_WHAT IS REQUIRED_:
Each line of the entries below that includes "ultimately" belongs in your answer.

_DATASET ENTRIES_:
++++

lemma toggle_add_iff:
  assumes v: "height_fn a b h" and c: "1 \<le> c" "c \<le> a" and j: "1 \<le> j" "j \<le> b"
  shows "((c,j) \<notin> ideal_of a h \<and> is_ideal a b (insert (c,j) (ideal_of a h))) \<longleftrightarrow>
         (h c = j - 1 \<and> (c = 1 \<or> j \<le> h (c-1)))"
proof
  assume toggleable: "(c,j) \<notin> ideal_of a h \<and> is_ideal a b (insert (c,j) (ideal_of a h))"
  then have hc: "h c < j" using c j by auto
  have down: "\<And>x y. x \<in> insert (c,j) (ideal_of a h) \<Longrightarrow> y \<in> Q a b \<Longrightarrow> qle y x \<Longrightarrow> y \<in> insert (c,j) (ideal_of a h)"
    using toggleable unfolding is_ideal_def by blast
  have "h c = j - 1"
  proof (cases "j = 1")
    case True then show ?thesis using hc by simp
  next
    case False
    then have "(c, j-1) \<in> Q a b" "qle (c,j-1) (c,j)" using c j by (auto simp: Q_def qle_def)
    then have "(c, j-1) \<in> insert (c,j) (ideal_of a h)" using down by blast
    then have "j - 1 \<le> h c" using False by auto
    then show ?thesis using hc by simp
  qed
  moreover have "c = 1 \<or> j \<le> h (c-1)"
  proof (cases "c = 1")
    case False
    then have "(c-1, j) \<in> Q a b" "qle (c-1,j) (c,j)" using c j by (auto simp: Q_def qle_def)
    then have "(c-1, j) \<in> insert (c,j) (ideal_of a h)" using down by blast
    then have "j \<le> h (c-1)" using False c by auto
    then show ?thesis by simp
  qed simp
  ultimately show "h c = j - 1 \<and> (c = 1 \<or> j \<le> h (c-1))" by simp
next
  assume cond: "h c = j - 1 \<and> (c = 1 \<or> j \<le> h (c-1))"
  then have "(c,j) \<notin> ideal_of a h" using j by auto
  moreover have "height_fn a b (h(c := j))"
  proof (rule height_fn_upd[OF v c j(2)])
    show "c = 1 \<or> j \<le> h (c-1)" using cond by simp
    show "c = a \<or> h (c+1) \<le> j"
    proof (cases "c = a")
      case False
      then have "h (c+1) \<le> h c" using height_fn_mono[OF v, of c "c+1"] c by simp
      then show ?thesis using cond by (intro disjI2) arith
    qed simp
  qed
  then have "is_ideal a b (insert (c,j) (ideal_of a h))"
    using ideal_of_insert[OF c j(1)] cond ideal_of_is_ideal by simp
  ultimately show "(c,j) \<notin> ideal_of a h \<and> is_ideal a b (insert (c,j) (ideal_of a h))" by simp
qed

++++

_ANSWER AREA_:
  ultimately show "h c = j - 1 \<and> (c = 1 \<or> j \<le> h (c-1))" by simp
  ultimately show "(c,j) \<notin> ideal_of a h \<and> is_ideal a b (insert (c,j) (ideal_of a h))" by simp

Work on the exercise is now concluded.